La doglianza non merita accoglimento.
Dalla piana lettura dei due documenti impugnati emerge che l’ordinanza di demolizione è stata adottata in applicazione dell’art. 27 e dell’art. 35 del D.P.R. n. 380/2001, mentre la DGC n. 86/2018 fa applicazione dell’art. 31 del medesimo decreto per l’applicazione della sanzione.
Occorre premettere che i ricorrenti non censurano l’applicazione dell’art. 35 del D.P.R. n. 380/2001 (di cui all’ordinanza impugnata) né la comminazione della sanzione (a mezzo della delibera n. 86/2018) ma contestano la contraddittorietà dell’azione amministrativa versata nei due provvedimenti.
Entrambe le disposizioni citate (l’art. 31 ed il 35 del DPR n. 380/2001) si caratterizzano per il comune carattere vincolato dei poteri e delle sanzioni ripristinatorie in essi disciplinato, anche se l’ambito di applicazione delle due fattispecie è sensibilmente diverso.
In materia edilizia, nel caso di acclarata abusività del manufatto, l'ordine di demolizione di cui all'art. 31 del D.P.R. n. 380 del 2001 è un atto dovuto e vincolato che non necessita di motivazione aggiuntiva rispetto all'indicazione dei presupposti di fatto e all'individuazione e qualificazione degli abusi e, ai fini della sua legittimità, è, pertanto, necessaria e sufficiente l'affermazione della accertata abusività dell'opera, mediante la descrizione della stessa, la constatazione dell'esecuzione in assenza del necessario titolo abilitativo e l'individuazione della norma applicata (cfr. ex multis T.A.R. Campania Napoli Sez. II, 05/05/2022, n. 3071, T.A.R. Piemonte Torino Sez. II, 17/03/2020, n. 199, T.A.R. Lazio Latina Sez. I, 09/05/2022, n. 435)
Nemmeno occorre motivare in modo particolare un provvedimento con il quale sia ordinata la demolizione di un immobile abusivo quando sia trascorso un notevole lasso di tempo dalla sua realizzazione: infatti l'ordinamento tutela l'affidamento di chi versa in una situazione antigiuridica soltanto laddove esso presenti un carattere incolpevole, mentre la realizzazione di un'opera abusiva si concretizza in una volontaria attività del costruttore realizzata contra legem .

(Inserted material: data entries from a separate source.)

lemma bij_betw_spread_elements_points:
  fixes G :: "('a::field ^ 'n) set set"
  assumes spread: "is_spread g G" and L: "vec.subspace L"
    and L_meets: "\<forall>S\<in>G. vec.dim (L \<inter> S) \<le> 1"
  shows "bij_betw (\<lambda>S. L \<inter> S) {S\<in>G. vec.dim (L \<inter> S) = 1}
           {P. vec.subspace P \<and> vec.dim P = 1 \<and> P \<subseteq> L}"
proof (rule bij_betw_imageI)
  show "inj_on (\<lambda>S. L \<inter> S) {S\<in>G. vec.dim (L \<inter> S) = 1}"
  proof (rule inj_onI)
    fix S S' assume S: "S \<in> {S\<in>G. vec.dim (L \<inter> S) = 1}" and S': "S' \<in> {S\<in>G. vec.dim (L \<inter> S) = 1}"
      and eq: "L \<inter> S = L \<inter> S'"
    have "\<not> L \<inter> S \<subseteq> {0}"
      using S vec.dim_eq_0[of "L \<inter> S"] by auto
    then have "\<not> S \<inter> S' \<subseteq> {0}"
      using eq by blast
    then show "S = S'"
      using spread_Int_subset_zero[OF spread] S S' by blast
  qed
  show "(\<lambda>S. L \<inter> S) ` {S\<in>G. vec.dim (L \<inter> S) = 1} = {P. vec.subspace P \<and> vec.dim P = 1 \<and> P \<subseteq> L}"
  proof
    show "(\<lambda>S. L \<inter> S) ` {S\<in>G. vec.dim (L \<inter> S) = 1} \<subseteq> {P. vec.subspace P \<and> vec.dim P = 1 \<and> P \<subseteq> L}"
      using L spread unfolding is_spread_def by (auto intro: vec.subspace_inter)
    show "{P. vec.subspace P \<and> vec.dim P = 1 \<and> P \<subseteq> L} \<subseteq> (\<lambda>S. L \<inter> S) ` {S\<in>G. vec.dim (L \<inter> S) = 1}"
    proof
      fix P assume P: "P \<in> {P. vec.subspace P \<and> vec.dim P = 1 \<and> P \<subseteq> L}"
      then obtain S where S: "S \<in> G" "P \<subseteq> S" "vec.subspace S"
        using spread unfolding is_spread_def by blast
      have "vec.dim P \<le> vec.dim (L \<inter> S)"
        using P S by (intro vec.dim_subset) auto
      then have dim_LS: "vec.dim (L \<inter> S) = 1"
        using P L_meets S(1) by force
      then have "P = L \<inter> S"
        using P S L by (intro vec.subspace_dim_equal) (auto intro: vec.subspace_inter)
      then show "P \<in> (\<lambda>S. L \<inter> S) ` {S\<in>G. vec.dim (L \<inter> S) = 1}"
        using S dim_LS by blast
    qed
  qed
qed

lemma not_scattered_Suc_dim_eq_UN:
  fixes G :: "('a::field ^ 'n) set set"
  assumes G: "\<forall>S\<in>G. vec.subspace S" and L: "vec.subspace L"
    and L_meets: "\<forall>S\<in>G. vec.dim (L \<inter> S) \<le> 1"
  shows "{B. vec.subspace B \<and> L \<subseteq> B \<and> vec.dim B = Suc (vec.dim L) \<and> \<not> scattered G B}
       = (\<Union>S\<in>{S\<in>G. vec.dim (L \<inter> S) = 1}.
            {B. vec.subspace B \<and> L \<subseteq> B \<and> vec.dim B = Suc (vec.dim L)
                \<and> vec.dim (B \<inter> S) = Suc (vec.dim (L \<inter> S))})"
proof (intro equalityI subsetI)
  fix B assume "B \<in> {B. vec.subspace B \<and> L \<subseteq> B \<and> vec.dim B = Suc (vec.dim L) \<and> \<not> scattered G B}"
  then have B: "vec.subspace B" "L \<subseteq> B" "vec.dim B = Suc (vec.dim L)" and "\<not> scattered G B"
    by auto
  then obtain W S where W: "vec.subspace W" "vec.dim W = 2" "W \<subseteq> B" "W \<subseteq> S" and S: "S \<in> G"
    unfolding scattered_def by blast
  have "2 \<le> vec.dim (B \<inter> S)"
    using W vec.dim_subset[of W "B \<inter> S"] by auto
  moreover have "vec.dim (B \<inter> S) \<le> Suc (vec.dim (L \<inter> S))"
    using dim_Int_le_Suc_dim_Int[OF L B(1) _ B(2,3)] G S by blast
  moreover have "vec.dim (L \<inter> S) \<le> 1"
    using L_meets S by blast
  ultimately show "B \<in> (\<Union>S\<in>{S\<in>G. vec.dim (L \<inter> S) = 1}.
            {B. vec.subspace B \<and> L \<subseteq> B \<and> vec.dim B = Suc (vec.dim L)
                \<and> vec.dim (B \<inter> S) = Suc (vec.dim (L \<inter> S))})"
    using B S by auto
next
  fix B assume "B \<in> (\<Union>S\<in>{S\<in>G. vec.dim (L \<inter> S) = 1}.
            {B. vec.subspace B \<and> L \<subseteq> B \<and> vec.dim B = Suc (vec.dim L)
                \<and> vec.dim (B \<inter> S) = Suc (vec.dim (L \<inter> S))})"
  then obtain S where S: "S \<in> G" "vec.dim (L \<inter> S) = 1"
    and B: "vec.subspace B" "L \<subseteq> B" "vec.dim B = Suc (vec.dim L)" "vec.dim (B \<inter> S) = 2"
    by auto
  have "\<not> scattered G B"
    unfolding scattered_def using S B G by (auto intro!: exI[of _ "B \<inter> S"] vec.subspace_inter)
  then show "B \<in> {B. vec.subspace B \<and> L \<subseteq> B \<and> vec.dim B = Suc (vec.dim L) \<and> \<not> scattered G B}"
    using B by blast
qed

text \<open>Disjointness of the union is where dim L \<le> 2 enters: a subspace of dimension
  dim L + 1 \<le> 3 cannot meet two distinct spread elements in lines.\<close>
lemma card_not_scattered_Suc_dim:
  fixes G :: "('a::{field,finite} ^ 'n) set set"
  assumes spread: "is_spread g G" and L: "vec.subspace L" and dim_L: "vec.dim L \<le> 2"
    and L_meets: "\<forall>S\<in>G. vec.dim (L \<inter> S) \<le> 1"
  shows "real (card {B. vec.subspace B \<and> L \<subseteq> B \<and> vec.dim B = Suc (vec.dim L)
                         \<and> \<not> scattered G B})
         = gauss_binom CARD('a) (vec.dim L) 1 * gauss_binom CARD('a) (g - 1) 1"
proof -
  define GL where "GL = {S\<in>G. vec.dim (L \<inter> S) = 1}"
  define E where "E S = {B. vec.subspace B \<and> L \<subseteq> B \<and> vec.dim B = Suc (vec.dim L)
                            \<and> vec.dim (B \<inter> S) = Suc (vec.dim (L \<inter> S))}" for S
  have G: "vec.subspace S" "vec.dim S = g" if "S \<in> G" for S
    using spread that unfolding is_spread_def by blast+
  have card_E: "real (card (E S)) = gauss_binom CARD('a) (g - 1) 1" if S: "S \<in> GL" for S
  proof -
    have "card (E S) = card {W. vec.subspace W \<and> L \<inter> S \<subseteq> W \<and> W \<subseteq> S
                                \<and> vec.dim W = Suc (vec.dim (L \<inter> S))}"
      unfolding E_def using bij_betw_Int_subspaces_Suc_dim[OF L G(1)] S GL_def
      by (blast intro: bij_betw_same_card)
    then show ?thesis
      using card_subspaces_Suc_dim_between[of "L \<inter> S" S] L G S
      by (simp add: GL_def vec.subspace_inter)
  qed
  have disjoint: "E S \<inter> E S' = {}" if "S \<in> GL" "S' \<in> GL" "S \<noteq> S'" for S S'
    using dim_Int_spread_elements_le[OF spread] that dim_L by (fastforce simp: E_def GL_def)
  have "{B. vec.subspace B \<and> L \<subseteq> B \<and> vec.dim B = Suc (vec.dim L) \<and> \<not> scattered G B}
        = (\<Union>S\<in>GL. E S)"
    unfolding GL_def E_def using not_scattered_Suc_dim_eq_UN[OF _ L L_meets] G by blast
  then have "real (card {B. vec.subspace B \<and> L \<subseteq> B \<and> vec.dim B = Suc (vec.dim L) \<and> \<not> scattered G B})
             = (\<Sum>S\<in>GL. real (card (E S)))"
    using disjoint by (simp add: card_UN_disjoint)
  also have "\<dots> = real (card GL) * gauss_binom CARD('a) (g - 1) 1"
    using card_E by simp
  also have "card GL = card {P. vec.subspace P \<and> vec.dim P = 1 \<and> P \<subseteq> L}"
    unfolding GL_def
    by (rule bij_betw_same_card[OF bij_betw_spread_elements_points[OF spread L L_meets]])
  finally show ?thesis
    using card_points[OF L] by simp
qed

A tale regola non fa eccezione il fatto che l’opera sia presente in atti di pianificazione o in elaborati tecnici afferenti pratiche edilizie relative ad opere connesse, non essendo ipotizzabile nel nostro ordinamento una sanatoria per facta concludentia o implicita.
La disciplina di cui all'art. 35 (Interventi abusivi realizzati su suoli di proprietà dello Stato o di enti pubblici ) del D.P.R. n. 380/2001 differisce da quella prevista dall'art. 31 del medesimo D.P.R., che riguarda le opere realizzate in assenza di permesso di costruire, in totale difformità o con variazioni essenziali rispetto allo stesso, su suoli privati, non prevedendo l'irrogazione di sanzioni pecuniarie nei confronti dei soggetti responsabili dell'abuso edilizio, e trovando la sua giustificazione nella particolare gravità della condotta sanzionata, che riguarda la costruzione di opere abusive su suoli pubblici.
Dagli atti di causa emerge che l’opera di cui si controverte è costruita in parte su suolo pubblico (per la fondazione in alveo) ed in parte su suolo privato (per la parete in argine spondale e per la porzione sopraelevata). Ciò è emerso anche in sede procedimentale ed ha formato oggetto di confronto tra le parti in causa e tra le stesse e la Regione Piemonte (cfr. doc. n.